Stored items:
lemma equal_ends_count_bounds:
  assumes "reduced v" "length v = 2 * N" "0 < N" "hd v = last v"
  shows "2 \<le> count_list v (hd v)" "count_list v (hd v) \<le> N"
    and "\<And>x. x \<noteq> hd v \<Longrightarrow> count_list v x < N" "2 \<le> card (set v - {hd v})"
proof -
  define a h where "a = hd v" and "h = count_list v"
  have "v \<noteq> []" using assms(2,3) by auto
  have bound: "2 * h x + 1 \<le> 2 * N + 2 * of_bool (a = x)" for x
    using reduced_count_bound[OF assms(1) \<open>v \<noteq> []\<close>, of x] assms(2,4) by (simp add: a_def h_def)
  have "v = a # butlast (tl v) @ [a]"
    using hd_last_split[of v] assms(2,3,4) by (simp add: a_def)
  then have "h a = count_list (a # butlast (tl v) @ [a]) a"
    unfolding h_def by (rule arg_cong)
  then have "2 \<le> h a" by simp
  then show "2 \<le> count_list v (hd v)" by (simp add: a_def h_def)
  have "h a \<le> N" using bound[of a] by simp
  then show "count_list v (hd v) \<le> N" by (simp add: a_def h_def)
  show less: "count_list v x < N" if "x \<noteq> hd v" for x
    using bound[of x] that by (simp add: a_def h_def)
  have "h a + sum h (set v - {a}) = 2 * N"
    using sum.remove[of "set v" a h] sum_count_set[of v "set v"] \<open>v \<noteq> []\<close> assms(2)
    by (simp add: a_def h_def)
  moreover have "sum h (set v - {a}) \<le> card (set v - {a}) * (N - 1)"
    using sum_bounded_above[of "set v - {a}" h "N - 1"] less by (force simp: a_def h_def)
  ultimately have "N \<le> card (set v - {a}) * (N - 1)"
    using \<open>h a \<le> N\<close> by linarith
  show "2 \<le> card (set v - {hd v})"
  proof (rule ccontr)
    assume "\<not> 2 \<le> card (set v - {hd v})"
    then have "card (set v - {a}) * (N - 1) \<le> 1 * (N - 1)"
      unfolding a_def by (intro mult_le_mono1) linarith
    with \<open>N \<le> card (set v - {a}) * (N - 1)\<close> assms(3) show False by linarith
  qed
qed

lemma rearrangement_equal_ends:
  assumes "reduced v" "length v = 2 * N" "0 < N" "hd v = last v" "card (set v) + 1 \<le> K"
  obtains bl where "reduced (pw_blocks bl)" "mset (pw_blocks bl) = mset v"
    "hd (pw_blocks bl) = hd v" "last (pw_blocks bl) = last v" "\<forall>b\<in>set bl. 0 < snd b"
    "length bl \<le> K"
proof -
  define a h where "a = hd v" and "h = count_list v"
  note bounds = equal_ends_count_bounds[OF assms(1-4), folded a_def h_def]
  have "v \<noteq> []" using assms(2,3) by auto
  obtain xs where xs: "distinct xs" "set xs = set v - {a}"
    using finite_distinct_list[of "set v - {a}"] by blast
  have "xs \<noteq> []" using bounds(4) xs(2) by (metis card.empty empty_set not_numeral_le_zero)
  define S where "S = replicate 1 a @ grouped h xs @ replicate (h a - 1) a"
  have pq: "1 + (h a - 1) = h a" "1 + (h a - 1) \<le> N"
    using bounds(1,2) by simp_all
  have caps: "\<forall>x\<in>set xs. h x \<le> N" "\<forall>x\<in>set xs. h x = N \<longrightarrow> h a - 1 = 0 \<and> x = last xs"
    using bounds(3) xs(2) by (auto intro: less_imp_le)
  obtain bl where bl: "reduced (pw_blocks bl)" "mset (pw_blocks bl) = mset v"
    "hd (pw_blocks bl) = hd S" "last (pw_blocks bl) = last S" "\<forall>b\<in>set bl. 0 < snd b"
    "length bl + of_bool (S ! (N - 1) \<noteq> S ! N) \<le> Suc (length xs + of_bool (0 < h a - 1))"
    by (rule split_arrangement_blocks[OF h_def S_def xs(1,2) \<open>xs \<noteq> []\<close> pq assms(2,3) caps])
  moreover have "card (set v) = Suc (length xs)"
    using card_set_eq_Suc_length[OF xs(1,2)] \<open>v \<noteq> []\<close> by (simp add: a_def)
  ultimately show thesis
    using that[of bl] bounds(1) assms(4,5) by (simp add: S_def a_def)
qed

lemma rearrangement_equal_ends_three_letters:
  assumes "reduced v" "length v = 2 * N" "0 < N" "hd v = last v" "card (set v) = 3" "3 \<le> K"
  obtains bl where "reduced (pw_blocks bl)" "mset (pw_blocks bl) = mset v"
    "hd (pw_blocks bl) = hd v" "last (pw_blocks bl) = last v" "\<forall>b\<in>set bl. 0 < snd b"
    "length bl \<le> K"
proof -
  define a h where "a = hd v" and "h = count_list v"
  note bounds = equal_ends_count_bounds[OF assms(1-4), folded a_def h_def]
  have "v \<noteq> []" using assms(2,3) by auto
  then have "card (set v - {a}) = 2" using assms(5) by (simp add: a_def)
  then obtain x1 x2 where x12: "set v - {a} = {x1, x2}" "x1 \<noteq> x2" "h x2 \<le> h x1"
    by (auto simp: card_2_iff) (metis insert_commute nle_le)
  define xs where "xs = [x1, x2]"
  have xs: "distinct xs" "set xs = set v - {a}" "xs \<noteq> []" using x12 by (auto simp: xs_def)
  have "h a + h x1 + h x2 = 2 * N"
    using count_list_add_sum_list_others[OF xs(1,2)] assms(2) by (simp add: xs_def h_def)
  moreover have "h x1 < N" "0 < h x2"
    using bounds(3)[of x1] x12(1) count_list_pos_iff[of v x2] by (auto simp: h_def)
  ultimately have pq: "(N - h x1) + (h a - (N - h x1)) = h a"
    "(N - h x1) + (h a - (N - h x1)) \<le> N" and "0 < h a - (N - h x1)"
    using bounds(2) x12(3) by simp_all
  have caps: "\<forall>x\<in>set xs. h x \<le> N"
    "\<forall>x\<in>set xs. h x = N \<longrightarrow> h a - (N - h x1) = 0 \<and> x = last xs"
    using bounds(3) xs(2) by (auto intro: less_imp_le)
  (* Starting S with N - h x1 letters a makes S change letter exactly between its two halves,
     which saves the block that the final run of a's costs in general. *)
  define S where "S = replicate (N - h x1) a @ grouped h xs @ replicate (h a - (N - h x1)) a"
  obtain bl where bl: "reduced (pw_blocks bl)" "mset (pw_blocks bl) = mset v"
    "hd (pw_blocks bl) = hd S" "last (pw_blocks bl) = last S" "\<forall>b\<in>set bl. 0 < snd b"
    "length bl + of_bool (S ! (N - 1) \<noteq> S ! N) \<le> Suc (length xs + of_bool (0 < h a - (N - h x1)))"
    by (rule split_arrangement_blocks[OF h_def S_def xs pq assms(2,3) caps])
  moreover have "S ! (N - 1) = x1" "S ! N = x2"
    using \<open>h x1 < N\<close> \<open>0 < h x2\<close> x12(3) by (auto simp: S_def xs_def nth_append)
  ultimately show thesis
    using that[of bl] \<open>0 < h a - (N - h x1)\<close> \<open>h x1 < N\<close> x12(2) assms(4,6)
    by (simp add: S_def xs_def a_def)
qed

lemma choose_two_lower_bounds:
  shows "3 \<le> l \<Longrightarrow> l \<le> l choose 2" and "4 \<le> l \<Longrightarrow> l + 1 \<le> l choose 2"
proof -
  assume "3 \<le> l"
  then have "l * 2 div 2 \<le> l * (l - 1) div 2"
    by (intro div_le_mono mult_le_mono2) simp
  then show "l \<le> l choose 2" by (simp add: choose_two)
next
  assume "4 \<le> l"
  then have "l * 3 \<le> l * (l - 1)" by (intro mult_le_mono2) simp
  then have "(l * 2 + 2) div 2 \<le> l * (l - 1) div 2"
    using \<open>4 \<le> l\<close> by (intro div_le_mono) linarith
  then show "l + 1 \<le> l choose 2" by (simp add: choose_two)
qed

lemma reduced_even_rearrangement:
  assumes "reduced v" "length v = 2 * N" "0 < N" "card (set v) \<le> l" "3 \<le> l"
  obtains bl where "reduced (pw_blocks bl)" "mset (pw_blocks bl) = mset v"
    "hd (pw_blocks bl) = hd v" "last (pw_blocks bl) = last v" "\<forall>b\<in>set bl. 0 < snd b"
    "length bl \<le> l choose 2"
proof -
  have "v \<noteq> []" using assms(2,3) by auto
  then have "3 \<le> card (set v)" if "hd v = last v"
    using equal_ends_count_bounds(4)[OF assms(1-3) that] by (simp add: card_Diff_singleton)
  then consider "hd v \<noteq> last v"
      | "hd v = last v" "card (set v) = 3" | "hd v = last v" "4 \<le> card (set v)"
    by fastforce
  then show thesis
  proof cases
    case 1
    moreover have "card (set v) \<le> l choose 2"
      using choose_two_lower_bounds(1)[OF assms(5)] assms(4) by linarith
    ultimately show thesis
      by (elim rearrangement_distinct_ends[OF assms(1-3)] that)
  next
    case 2
    moreover have "3 \<le> l choose 2"
      using choose_two_lower_bounds(1)[OF assms(5)] assms(5) by linarith
    ultimately show thesis
      by (elim rearrangement_equal_ends_three_letters[OF assms(1-3)] that)
  next
    case 3
    moreover have "card (set v) + 1 \<le> l choose 2"
      using choose_two_lower_bounds(2)[of l] assms(4) 3 by linarith
    ultimately show thesis
      by (elim rearrangement_equal_ends[OF assms(1-3)] that)
  qed
qed

lemma obtain_pw_blocks_indexed:
  assumes "bl \<noteq> []" "\<forall>b\<in>set bl. 0 < snd b"
  obtains \<beta> \<gamma> m where "\<forall>i. \<beta> i \<in> set (pw_blocks bl) \<and> \<gamma> i \<in> set (pw_blocks bl)"
    "\<beta> 1 = hd (pw_blocks bl)"
    "pw_blocks bl = pw (\<beta> 1) (\<gamma> 1) (m 1)
      @ concat (map (\<lambda>i. pw (\<beta> i) (\<gamma> i) (m i)) [2..<Suc (length bl)])"
proof -
  define A :: "(('a \<times> 'a) \<times> nat) set"
    where "A = {b. fst (fst b) \<in> set (pw_blocks bl) \<and> snd (fst b) \<in> set (pw_blocks bl)}"
  have "set bl \<subseteq> A"
  proof
    fix b assume "b \<in> set bl"
    moreover obtain x y m where "b = ((x, y), m)" by (metis prod.exhaust)
    ultimately have "set (pw x y m) \<subseteq> set (pw_blocks bl)" "0 < m"
      using assms(2) by (force simp: pw_blocks_def)+
    then show "b \<in> A" using \<open>b = ((x, y), m)\<close> by (cases m) (auto simp: A_def pw_Suc)
  qed
  moreover have "hd bl \<in> A" using calculation assms(1) by auto
  ultimately obtain B where B: "\<forall>i. B i \<in> A" "map B [1..<1 + length bl] = bl"
    using obtain_indexed_family[of "hd bl" A bl 1] by blast
  define \<beta> \<gamma> m where "\<beta> i = fst (fst (B i))" and "\<gamma> i = snd (fst (B i))" and "m i = snd (B i)" for i
  have "pw_blocks bl = concat (map (\<lambda>i. pw (\<beta> i) (\<gamma> i) (m i)) [1..<Suc (length bl)])"
    by (subst B(2)[symmetric])
      (simp add: pw_blocks_def comp_def split_beta \<beta>_def \<gamma>_def m_def del: upt_Suc)
  moreover have "[1..<Suc (length bl)] = 1 # [2..<Suc (length bl)]"
    using assms(1) by (simp add: upt_conv_Cons numeral_2_eq_2 del: upt_Suc)
  ultimately have split:
      "pw_blocks bl = pw (\<beta> 1) (\<gamma> 1) (m 1)
        @ concat (map (\<lambda>i. pw (\<beta> i) (\<gamma> i) (m i)) [2..<Suc (length bl)])"
    by simp
  have "B 1 = hd bl"
    using arg_cong[OF B(2), of hd] assms(1) by (simp add: upt_conv_Cons del: upt_Suc)
  then have "0 < m 1"
    using assms by (simp add: m_def)
  then have "\<beta> 1 = hd (pw_blocks bl)"
    by (simp add: split hd_pw)
  moreover have "\<forall>i. \<beta> i \<in> set (pw_blocks bl) \<and> \<gamma> i \<in> set (pw_blocks bl)"
    using B(1) by (simp add: A_def \<beta>_def \<gamma>_def)
  ultimately show thesis
    using that split by blast
qed

lemma obtain_even_prefix:
  assumes "w \<noteq> []"
  obtains v d where "w = v @ d" "length v = 2 * (length w div 2)" "d \<in> {[], [last w]}"
proof (cases "even (length w)")
  case True
  then show thesis by (intro that[of w "[]"]) auto
next
  case False
  then show thesis using assms by (intro that[of "butlast w" "[last w]"]) auto
qed

lemma rearrange_prefix:
  assumes "reduced (v @ d)" "reduced u" "mset u = mset v" "hd u = hd v" "last u = last v" "v \<noteq> []"
  shows "reduced (u @ d)" "mset (u @ d) = mset (v @ d)"
      "hd (u @ d) = hd (v @ d)" "last (u @ d) = last (v @ d)"
proof -
  have "u \<noteq> []" using assms(3,6) by auto
  then show "reduced (u @ d)"
    using assms(1,2,5,6) by (simp add: reduced_iff_successively successively_append_iff)
  show "mset (u @ d) = mset (v @ d)" "hd (u @ d) = hd (v @ d)" "last (u @ d) = last (v @ d)"
    using assms(3-6) \<open>u \<noteq> []\<close> by (simp_all add: last_append)
qed

lemma rearrangement_blocks:
  assumes "reduced w" "3 \<le> card (set w)"
  obtains w' \<beta> \<gamma> m d k where "reduced w'" "mset w' = mset w" "hd w' = hd w" "last w' = last w"
    "\<forall>i. \<beta> i \<in> set w \<and> \<gamma> i \<in> set w" "d \<in> {[], [last w]}" "1 \<le> k" "k \<le> card (set w) choose 2"
    "w' = pw (hd w) (\<gamma> 1) (m 1) @ concat (map (\<lambda>i. pw (\<beta> i) (\<gamma> i) (m i)) [2..<Suc k]) @ d"
proof -
  have "3 \<le> length w" using assms(2) card_length[of w] by linarith
  then have "w \<noteq> []" by auto
  then obtain v d where w_eq: "w = v @ d" and len_v: "length v = 2 * (length w div 2)"
    and d: "d \<in> {[], [last w]}"
    by (rule obtain_even_prefix)
  have "0 < length w div 2" using \<open>3 \<le> length w\<close> by simp
  have "reduced v" using assms(1) w_eq
    by (simp add: reduced_iff_successively successively_append_iff)
  moreover have "card (set v) \<le> card (set w)" using w_eq by (simp add: card_mono)
  ultimately obtain bl where bl: "reduced (pw_blocks bl)" "mset (pw_blocks bl) = mset v"
    "hd (pw_blocks bl) = hd v" "last (pw_blocks bl) = last v" "\<forall>b\<in>set bl. 0 < snd b"
    "length bl \<le> card (set w) choose 2"
    using reduced_even_rearrangement[OF _ len_v \<open>0 < length w div 2\<close> _ assms(2)] by blast
  have "v \<noteq> []" using len_v \<open>0 < length w div 2\<close> by auto
  then have "bl \<noteq> []" using bl(2) by (auto simp: pw_blocks_def)
  have "hd v = hd w" using w_eq \<open>v \<noteq> []\<close> by simp
  obtain \<beta> \<gamma> m where letters: "\<forall>i. \<beta> i \<in> set v \<and> \<gamma> i \<in> set v"
    and form: "pw_blocks bl = pw (hd w) (\<gamma> 1) (m 1)
        @ concat (map (\<lambda>i. pw (\<beta> i) (\<gamma> i) (m i)) [2..<Suc (length bl)])"
    using obtain_pw_blocks_indexed[OF \<open>bl \<noteq> []\<close> bl(5)] bl(2,3) \<open>hd v = hd w\<close>
    by (metis mset_eq_setD)
  have "\<forall>i. \<beta> i \<in> set w \<and> \<gamma> i \<in> set w"
    using letters w_eq by auto
  moreover have "1 \<le> length bl" using \<open>bl \<noteq> []\<close> by (simp add: Suc_le_eq)
  moreover have "pw_blocks bl @ d =
      pw (hd w) (\<gamma> 1) (m 1) @ concat (map (\<lambda>i. pw (\<beta> i) (\<gamma> i) (m i)) [2..<Suc (length bl)]) @ d"
    by (simp only: form append_assoc)
  ultimately show thesis
    using that rearrange_prefix[OF assms(1)[unfolded w_eq] bl(1-4) \<open>v \<noteq> []\<close>, folded w_eq] d bl(6)
    by blast
qed
lemma path_tableau_tableau_path:
  assumes "T \<in> syt2 N"
  shows "path_tableau N (tableau_path N T) = T"
proof
  fix x :: "nat \<times> nat"
  obtain r j where x: "x = (r, j)"
    by fastforce
  show "path_tableau N (tableau_path N T) x = T x"
  proof (cases "r < 2 \<and> j < N")
    case True
    then show ?thesis
      using syt2_entry_range(1)[OF assms, of r j]
      by (simp add: x path_tableau_def step_positions_tableau_path[OF assms])
  next
    case False
    then show ?thesis
      using assms by (auto simp: x path_tableau_def syt2_def cells2_def)
  qed
qed

section \<open>Area above the path and inversions of the reading word\<close>

lemma length_reading_word [simp]: "length (reading_word N T) = 2 * N"
  by (simp add: reading_word_def)

lemma reading_word_nth:
  assumes "k < 2 * N"
  shows "reading_word N T ! k = (if k < N then T (0, k) else T (1, k - N))"
proof (cases "k < N")
  case False
  with assms have "k - N < N"
    by simp
  with False show ?thesis
    by (simp add: reading_word_def nth_append del: upt_Suc)
qed (simp add: reading_word_def nth_append del: upt_Suc)

lemma reading_perm_eq_word_perm: "reading_perm N T = word_perm (reading_word N T)"
  by (simp add: reading_perm_def word_perm_def)

lemma set_reading_word:
  assumes "T \<in> syt2 N"
  shows "set (reading_word N T) = {1..2 * N}"
proof -
  have "set (reading_word N T) = row_entries N T 0 \<union> row_entries N T 1"
    by (simp add: reading_word_def row_entries_def atLeast0LessThan)
  then show ?thesis
    using syt2_rows_union[OF assms] by simp
qed

lemma distinct_reading_word:
  assumes "T \<in> syt2 N"
  shows "distinct (reading_word N T)"
  by (rule card_distinct) (simp add: set_reading_word[OF assms])

lemma inversions_reading_word:
  assumes "T \<in> syt2 N"
  shows "inversions (reading_word N T)
    = (\<lambda>(j, i). (i, N + j)) ` (SIGMA j:{..<N}. {i. i < N \<and> T (1, j) < T (0, i)})"
proof (intro equalityI subsetI)
  fix x assume "x \<in> inversions (reading_word N T)"
  then obtain a b where x: "x = (a, b)" "a < b" "b < 2 * N" and
    inv: "reading_word N T ! b < reading_word N T ! a"
    by (auto simp: inversions_def reading_word_def)
  have "N \<le> b"
  proof (rule ccontr)
    assume "\<not> N \<le> b"
    then show False
      using inv x syt2_row_less[OF assms, of 0 a b] by (simp add: reading_word_nth)
  qed
  moreover have "a < N"
  proof (rule ccontr)
    assume "\<not> a < N"
    then have "a - N < b - N" "b - N < N"
      using x by auto
    then show False
      using inv x \<open>\<not> a < N\<close> syt2_row_less[OF assms, of 1 "a - N" "b - N"]
      by (simp add: reading_word_nth)
  qed
  ultimately show "x \<in> (\<lambda>(j, i). (i, N + j)) ` (SIGMA j:{..<N}. {i. i < N \<and> T (1, j) < T (0, i)})"
    using inv x by (auto simp: reading_word_nth image_iff intro!: bexI[of _ "(b - N, a)"])
next
  fix x assume "x \<in> (\<lambda>(j, i). (i, N + j)) ` (SIGMA j:{..<N}. {i. i < N \<and> T (1, j) < T (0, i)})"
  then show "x \<in> inversions (reading_word N T)"
    by (auto simp: inversions_def reading_word_nth)
qed

lemma card_top_entries_above:
  assumes "T \<in> syt2 N" "j < N"
  shows "N - card {i. i < N \<and> T (0, i) \<le> T (1, j) - 1} = card {i. i < N \<and> T (1, j) < T (0, i)}"
proof -
  let ?below = "{i. i < N \<and> T (0, i) \<le> T (1, j) - 1}"
    and ?above = "{i. i < N \<and> T (1, j) < T (0, i)}"
  have "T (0, i) \<noteq> T (1, j)" if "i < N" for i
    using syt2_rows_disjoint[OF assms(1)] that assms(2) by (auto simp: row_entries_def)
  then have "?below \<union> ?above = {..<N}"
    using syt2_entry_range(1)[OF assms(1), of 1 j] assms(2) by force
  moreover have "?below \<inter> ?above = {}"
    using syt2_entry_range(1)[OF assms(1), of 1 j] assms(2) by auto
  ultimately have "card ?below + card ?above = N"
    using card_Un_disjoint[of ?below ?above] by simp
  then show ?thesis
    by simp
qed

lemma area_above_tableau_path:
  assumes "T \<in> syt2 N"
  shows "area_above N (tableau_path N T) = card (inversions (reading_word N T))"
proof -
  let ?p = "tableau_path N T"
  have down_steps: "{k. k < length ?p \<and> \<not> ?p ! k} = (\<lambda>j. T (1, j) - 1) ` {..<N}"
    using arg_cong[OF step_positions_tableau_path[OF assms, of 1], of set]
    by (simp add: set_step_positions atLeast0LessThan)
  have "area_above N ?p = (\<Sum>j<N. N - count_list (take (T (1, j) - 1) ?p) True)"
    unfolding area_above_def down_steps
    by (subst sum.reindex) (use syt2_row_shifted_inj[OF assms, of 1] in simp_all)
  also have "\<dots> = (\<Sum>j<N. card {i. i < N \<and> T (1, j) < T (0, i)})"
  proof (rule sum.cong)
    fix j assume "j \<in> {..<N}"
    then show "N - count_list (take (T (1, j) - 1) ?p) True = card {i. i < N \<and> T (1, j) < T (0, i)}"
      using count_list_take_tableau_path[OF assms, of 0 "T (1, j) - 1"]
        syt2_entry_range(2)[OF assms, of 1 j] card_top_entries_above[OF assms, of j]
      by simp
  qed simp
  also have "\<dots> = card (SIGMA j:{..<N}. {i. i < N \<and> T (1, j) < T (0, i)})"
    by (simp add: card_SigmaI)
  also have "\<dots> = card (inversions (reading_word N T))"
    unfolding inversions_reading_word[OF assms]
    by (rule card_image[symmetric]) (auto simp: inj_on_def)
  finally show ?thesis .
qed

(Required action) Your answer should consist only of the lines above between the line holding "using assms(1) by" and the line holding "by (simp add: split hd_pw)", inclusive, each transcribed exactly.

(Answer to the problem)
    using assms(1) by (simp add: upt_conv_Cons numeral_2_eq_2 del: upt_Suc)
  ultimately have split:
      "pw_blocks bl = pw (\<beta> 1) (\<gamma> 1) (m 1)
        @ concat (map (\<lambda>i. pw (\<beta> i) (\<gamma> i) (m i)) [2..<Suc (length bl)])"
    by simp
  have "B 1 = hd bl"
    using arg_cong[OF B(2), of hd] assms(1) by (simp add: upt_conv_Cons del: upt_Suc)
  then have "0 < m 1"
    using assms by (simp add: m_def)
  then have "\<beta> 1 = hd (pw_blocks bl)"
    by (simp add: split hd_pw)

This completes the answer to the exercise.